How to deal with multiple row for one prediction

Hello,
This is my problem.
I have a dataset concerning training data in sports. Several training sessions lead to a competition, and the current result is coded as “good result = 1” or “bad result = 0.” For practical reasons, this is displayed on the same line as the last training session. My question is, how do I input multiple distinct lines while maintaining the chronological order of the training sessions for a single prediction ?
Example data :
Exemple data.xlsx (20.6 KB)

Thanks
Br

Hi,
In the end you probably want to train a model to predict the score, right? You will need to figure out your set of features that you want to use to make the prediction. Then you can use a GroupBy or other aggregation methods to create a single line with all your features and the score as the target variable. On that you can then train your predictor. There is no predictor that can make a prediction based off of multiple lines.
Kind regards,
Alexander

Thanks for your answer.
I added a “training session” column, which corresponds to all the training rows by name before a competition that will result in “outcome 1/0”. For example, Pierre from August 1st to 29th = training session number 1 (there are four training sessions during this period). Outcome on August 29th = 1. How to group these 4 training sessions for a single outcome? Is it ultimately the same to specify the outcome for each training session? If yes, the disadvantage is that this system will not take into account any evolution or none.

Thanks
Br

Hi,
You will need to think of your problem as a set of independent variables (features) and a dependent variable (target, score, …). Your model is a function that maps the independent variables to the target variable. This implies that you need one row for every session. How you compress your multiple rows into one row is up to you. For example, for each session you could calculate the minimum, maximum, mean, and/or median distance traveled and do the same for other numeric variables you have.

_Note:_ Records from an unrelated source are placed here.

(* Let $q$ be an indeterminate, $k\ge1$, $n\ge2$, and work in $H_{kn}(q)$ over $\mathbb{C}(q)$. For $i\in\{1,\dots,n-1\}$ let $w_i\in\mathfrak S_{kn}$ be the involution exchanging the blocks $\{(i-1)k+1,\dots,ik\}$ and $\{ik+1,\dots,(i+1)k\}$ preserving order ($w_i(j)=j+k$ for $(i-1)k<j\le ik$, $w_i(j)=j-k$ for $ik<j\le(i+1)k$, $w_i(j)=j$ otherwise), and let $\Sigma_i=P_{k,n}\sigma_{w_i}P_{k,n}\in H^{fus}_{k,n}(q)=P_{k,n}H_{kn}(q)P_{k,n}$. Then $\sigma_{w_i}$ commutes with $P_{k,n}$, and in $H^{fus}_{k,n}(q)$ one has $\Sigma_i\Sigma_{i+1}\Sigma_i=\Sigma_{i+1}\Sigma_i\Sigma_{i+1}$ for $1\le i\le n-2$ and $\Sigma_i\Sigma_j=\Sigma_j\Sigma_i$ for $|i-j|>1$.
   Context: $H_m(q)$ is the algebra generated by $\sigma_1,\dots,\sigma_{m-1}$ with relations $\sigma_i\sigma_{i+1}\sigma_i=\sigma_{i+1}\sigma_i\sigma_{i+1}$, $\sigma_i\sigma_j=\sigma_j\sigma_i$ for $|i-j|>1$, $\sigma_i^2=1+(q-q^{-1})\sigma_i$. For $w\in\mathfrak S_m$ with reduced expression $s_{a_1}\cdots s_{a_r}$, $\sigma_w=\sigma_{a_1}\cdots\sigma_{a_r}$ and $\ell(w)=r$. The $q$-symmetriser of $H_k(q)$ is $P_k=\frac{q^{-k(k-1)/2}}{[k]_q!}\sum_{w\in\mathfrak S_k}q^{\ell(w)}\sigma_w$, with $[L]_q=\frac{q^L-q^{-L}}{q-q^{-1}}$, $[L]_q!=[1]_q\cdots[L]_q$. $P_{k,n}\in H_{kn}(q)$ is the product over $b=0,\dots,n-1$ of the copies of $P_k$ in the generators $\sigma_{bk+1},\dots,\sigma_{bk+k-1}$. The fused Hecke algebra $H^{fus}_{k,n}(q)=P_{k,n}H_{kn}(q)P_{k,n}$ is an algebra with unit $P_{k,n}$. *)

theory Defs
  imports Complex_Main "HOL-Computational_Algebra.Polynomial" "HOL-Computational_Algebra.Fraction_Field"
    "HOL-Combinatorics.Permutations"
begin

type_synonym Cq = "complex poly fract"

definition qq :: Cq where "qq = Fract [:0, 1:] 1"

definition qint :: "nat \<Rightarrow> Cq" where
  "qint L = (qq ^ L - inverse qq ^ L) / (qq - inverse qq)"

definition qfact :: "nat \<Rightarrow> Cq" where
  "qfact L = (\<Prod>j = 1..L. qint j)"

definition stransp :: "nat \<Rightarrow> nat \<Rightarrow> nat" where
  "stransp a j = (if j = a then Suc a else if j = Suc a then a else j)"

definition word_perm :: "nat list \<Rightarrow> nat \<Rightarrow> nat" where
  "word_perm as = foldr (\<lambda>a f. stransp a \<circ> f) as id"

definition reduced_word :: "nat \<Rightarrow> (nat \<Rightarrow> nat) \<Rightarrow> nat list \<Rightarrow> bool" where
  "reduced_word m w as \<longleftrightarrow> set as \<subseteq> {1..<m} \<and> word_perm as = w \<and>
     (\<forall>bs. set bs \<subseteq> {1..<m} \<and> word_perm bs = w \<longrightarrow> length as \<le> length bs)"

definition red_word :: "nat \<Rightarrow> (nat \<Rightarrow> nat) \<Rightarrow> nat list" where
  "red_word m w = (SOME as. reduced_word m w as)"

definition perm_length :: "nat \<Rightarrow> (nat \<Rightarrow> nat) \<Rightarrow> nat" where
  "perm_length m w = length (red_word m w)"

definition sigma_w :: "(nat \<Rightarrow> 'a::ring_1) \<Rightarrow> nat \<Rightarrow> nat \<Rightarrow> (nat \<Rightarrow> nat) \<Rightarrow> 'a" where
  "sigma_w \<sigma> off m w = prod_list (map (\<lambda>a. \<sigma> (off + a)) (red_word m w))"

text \<open>The copy of the q-symmetriser P_k in generators sigma_{bk+1},...,sigma_{bk+k-1};
  emb is the structure map of the C(q)-algebra.\<close>
definition Psym :: "(Cq \<Rightarrow> 'a::ring_1) \<Rightarrow> (nat \<Rightarrow> 'a) \<Rightarrow> nat \<Rightarrow> nat \<Rightarrow> 'a" where
  "Psym emb \<sigma> k b = emb (qq powi (- int (k * (k - 1) div 2)) / qfact k) *
     (\<Sum>w\<in>{w. w permutes {1..k}}. emb (qq ^ perm_length k w) * sigma_w \<sigma> (b * k) k w)"

definition Pkn :: "(Cq \<Rightarrow> 'a::ring_1) \<Rightarrow> (nat \<Rightarrow> 'a) \<Rightarrow> nat \<Rightarrow> nat \<Rightarrow> 'a" where
  "Pkn emb \<sigma> k n = prod_list (map (Psym emb \<sigma> k) [0..<n])"

definition block_swap :: "nat \<Rightarrow> nat \<Rightarrow> nat \<Rightarrow> nat" where
  "block_swap k i j = (if (i - 1) * k < j \<and> j \<le> i * k then j + k
     else if i * k < j \<and> j \<le> (i + 1) * k then j - k else j)"

text \<open>sigma : nat => 'a satisfies the defining relations of H_m(q) (indices 1..m-1),
  and emb makes 'a a C(q)-algebra (central unital ring homomorphism).\<close>
definition hecke_rep :: "(Cq \<Rightarrow> 'a::ring_1) \<Rightarrow> nat \<Rightarrow> (nat \<Rightarrow> 'a) \<Rightarrow> bool" where
  "hecke_rep emb m \<sigma> \<longleftrightarrow>
     emb 1 = 1 \<and> (\<forall>x y. emb (x + y) = emb x + emb y) \<and> (\<forall>x y. emb (x * y) = emb x * emb y) \<and>
     (\<forall>x a. emb x * a = a * emb x) \<and>
     (\<forall>i. 1 \<le> i \<and> i + 1 \<le> m - 1 \<longrightarrow> \<sigma> i * \<sigma> (i+1) * \<sigma> i = \<sigma> (i+1) * \<sigma> i * \<sigma> (i+1)) \<and>
     (\<forall>i j. i \<in> {1..<m} \<and> j \<in> {1..<m} \<and> (i + 1 < j \<or> j + 1 < i) \<longrightarrow> \<sigma> i * \<sigma> j = \<sigma> j * \<sigma> i) \<and>
     (\<forall>i\<in>{1..<m}. \<sigma> i * \<sigma> i = 1 + emb (qq - inverse qq) * \<sigma> i)"

end

theory Submission
  imports Defs
begin

(*
  Conjugation by \<sigma>_{w_i} is computed on reduced words (Matsumoto's theorem for the braid relations,
  via inversion counts). For a generator s_a inside one of the two exchanged blocks
  or outside both, w_i s_a = s_{w_i(a)} w_i with \<ell>(w_i s_a) = \<ell>(w_i) + 1, so
  \<sigma>_{w_i} \<sigma>_a = \<sigma>_{w_i(a)} \<sigma>_{w_i}: conjugation by \<sigma>_{w_i} exchanges the i-th and (i+1)-th copies of
  H_k and fixes the others. Hence it swaps the two corresponding symmetrisers, which commute, and
  commutes with all other factors of P_{k,n}. The block exchanges satisfy the braid and commutation
  relations of S_{kn} with additive lengths, so the \<sigma>_{w_i} satisfy them as well, and since
  P x P = x P^2 whenever x commutes with P, so do the \<Sigma>_i.
*)

definition inversions :: "nat \<Rightarrow> (nat \<Rightarrow> nat) \<Rightarrow> (nat \<times> nat) set" where
  "inversions m w = {(i, j). 1 \<le> i \<and> i < j \<and> j \<le> m \<and> w j < w i}"

definition num_inversions :: "nat \<Rightarrow> (nat \<Rightarrow> nat) \<Rightarrow> nat" where
  "num_inversions m w = card (inversions m w)"

lemma finite_inversions: "finite (inversions m w)"
  by (rule finite_subset[of _ "{1..m} \<times> {1..m}"]) (auto simp: inversions_def)

lemma num_inversions_id [simp]: "num_inversions m id = 0"
proof -
  have "inversions m id = {}" by (auto simp: inversions_def)
  then show ?thesis by (simp add: num_inversions_def)
qed

lemma permutes_eq_id_if_num_inversions_eq_0:
  assumes w: "w permutes {1..m}" and "num_inversions m w = 0"
  shows "w = id"
proof -
  have mono: "w i < w j" if "1 \<le> i" "i < j" "j \<le> m" for i j
  proof -
    have "(i, j) \<notin> inversions m w"
      using assms finite_inversions by (auto simp: num_inversions_def)
    moreover have "w i \<noteq> w j" using that permutes_inj[OF w] by (auto dest: injD)
    ultimately show ?thesis using that by (auto simp: inversions_def)
  qed
  have "map w [1..<Suc m] = [1..<Suc m]"
  proof (rule sorted_distinct_set_unique)
    show "sorted (map w [1..<Suc m])"
      unfolding sorted_map
    proof (rule sorted_wrt_mono_rel[OF _ sorted_wrt_upt])
      fix i j assume "i \<in> set [1..<Suc m]" "j \<in> set [1..<Suc m]" "i < j"
      then show "w i \<le> w j" using mono[of i j] by (simp del: upt_Suc)
    qed
    show "distinct (map w [1..<Suc m])"
      using permutes_inj_on[OF w] by (simp add: distinct_map atLeastLessThanSuc_atLeastAtMost)
    show "set (map w [1..<Suc m]) = set [1..<Suc m]"
      using permutes_image[OF w] by (simp only: set_map set_upt atLeastLessThanSuc_atLeastAtMost)
  qed (simp_all del: upt_Suc)
  then have "map w [1..<Suc m] = map id [1..<Suc m]" by simp
  then have "\<forall>j\<in>{1..m}. w j = j"
    by (simp only: map_eq_conv set_upt atLeastLessThanSuc_atLeastAtMost id_apply)
  then show ?thesis using w by (auto simp: fun_eq_iff permutes_not_in)
qed

lemma stransp_stransp [simp]: "stransp a (stransp a x) = x"
  by (auto simp: stransp_def)

lemma stransp_comp_stransp [simp]: "stransp a \<circ> stransp a = id"
  by (auto simp: fun_eq_iff)

lemma inj_stransp: "inj (stransp a)"
  by (metis injI stransp_stransp)

lemma stransp_permutes:
  assumes "a \<in> {1..<m}"
  shows "stransp a permutes {1..m}"
proof -
  have "stransp a = transpose a (Suc a)"
    by (auto simp: stransp_def transpose_def fun_eq_iff)
  then show ?thesis using assms by (auto intro: permutes_swap_id)
qed

text \<open>Right multiplication by \<open>stransp a\<close> at an ascent of \<open>w\<close> creates the inversion
  \<open>(a, Suc a)\<close> and permutes all other inversions by \<open>stransp a\<close>.\<close>
lemma num_inversions_comp_stransp:
  assumes a: "a \<in> {1..<m}" and ascent: "w a < w (Suc a)"
  shows "num_inversions m (w \<circ> stransp a) = Suc (num_inversions m w)"
proof -
  define swap where "swap = (\<lambda>(i, j). (stransp a i, stransp a j))"
  have order: "stransp a i < stransp a j" if "i < j" "(i, j) \<noteq> (a, Suc a)" for i j
    using that by (auto simp: stransp_def)
  have eq: "inversions m (w \<circ> stransp a) = insert (a, Suc a) (swap ` inversions m w)"
  proof (intro equalityI subsetI)
    fix p assume p: "p \<in> inversions m (w \<circ> stransp a)"
    obtain i j where ij: "p = (i, j)" by (cases p)
    show "p \<in> insert (a, Suc a) (swap ` inversions m w)"
    proof (cases "p = (a, Suc a)")
      case False
      have "(stransp a i, stransp a j) \<in> inversions m w"
        using p ij order[of i j] False a
        by (auto simp: inversions_def stransp_def split: if_splits)
      moreover have "swap (stransp a i, stransp a j) = p" by (simp add: swap_def ij)
      ultimately show ?thesis by (metis imageI insertI2)
    qed simp
  next
    fix p assume p: "p \<in> insert (a, Suc a) (swap ` inversions m w)"
    show "p \<in> inversions m (w \<circ> stransp a)"
    proof (cases "p = (a, Suc a)")
      case True
      then show ?thesis using a ascent by (auto simp: inversions_def stransp_def)
    next
      case False
      then obtain i j where ij: "(i, j) \<in> inversions m w" "p = swap (i, j)" using p by auto
      have "(i, j) \<noteq> (a, Suc a)" using ij ascent by (auto simp: inversions_def)
      then show ?thesis using ij order[of i j] a
        by (auto simp: inversions_def swap_def stransp_def split: if_splits)
    qed
  qed
  have "inj_on swap (inversions m w)"
    by (auto simp: inj_on_def swap_def dest: injD[OF inj_stransp])
  moreover have "(a, Suc a) \<notin> swap ` inversions m w"
    by (auto simp: swap_def inversions_def stransp_def split: if_splits)
  ultimately show ?thesis
    unfolding num_inversions_def eq using finite_inversions by (simp add: card_image)
qed

lemma num_inversions_comp_stransp_descent:
  assumes a: "a \<in> {1..<m}" and descent: "w (Suc a) < w a"
  shows "num_inversions m w = Suc (num_inversions m (w \<circ> stransp a))"
  using num_inversions_comp_stransp[OF a, of "w \<circ> stransp a"] descent
  by (simp add: comp_assoc stransp_def)

lemma word_perm_Nil [simp]: "word_perm [] = id"
  by (simp add: word_perm_def)

lemma word_perm_Cons [simp]: "word_perm (a # as) = stransp a \<circ> word_perm as"
  by (simp add: word_perm_def)

lemma word_perm_append: "word_perm (as @ bs) = word_perm as \<circ> word_perm bs"
  by (induction as) (auto simp: comp_assoc)

lemma inj_word_perm: "inj (word_perm as)"
proof (induction as)
  case (Cons a as)
  then show ?case unfolding word_perm_Cons by (rule inj_compose[OF inj_stransp])
qed simp

lemma word_perm_permutes: "set as \<subseteq> {1..<m} \<Longrightarrow> word_perm as permutes {1..m}"
proof (induction as)
  case (Cons a as)
  then show ?case unfolding word_perm_Cons by (intro permutes_compose stransp_permutes) auto
qed (simp add: permutes_id)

For the categorical variables, you could calculate the mode, or just if some value was present in any of the rows. Doing this means that you become independent of the actual number of rows for any given session, so that every record for a session “looks the same”, i.e. has the same number of features. And then you can use that for your prediction.
Kind regards,
Alexander

NTS.xlsx (11.1 KB)

My reference columns are Name + Number of training session.
I have 10 sessions.
I have 1 target.
For all the futures i retain mean.

How finally get only one row that is the result of all the training sessions ==>> One taget
How to deal with that ?

Thanks
Br

Hey,
Just use a GroupBy node and then group by Entrainement and aggregate all other columns except “Outcome” with mean or mode. Aggregate “Outcome” with “First”.
You will end up with a single row for your session.
Kind regards,
Alexander

1 Like

This topic was automatically closed 7 days after the last reply. New replies are no longer allowed.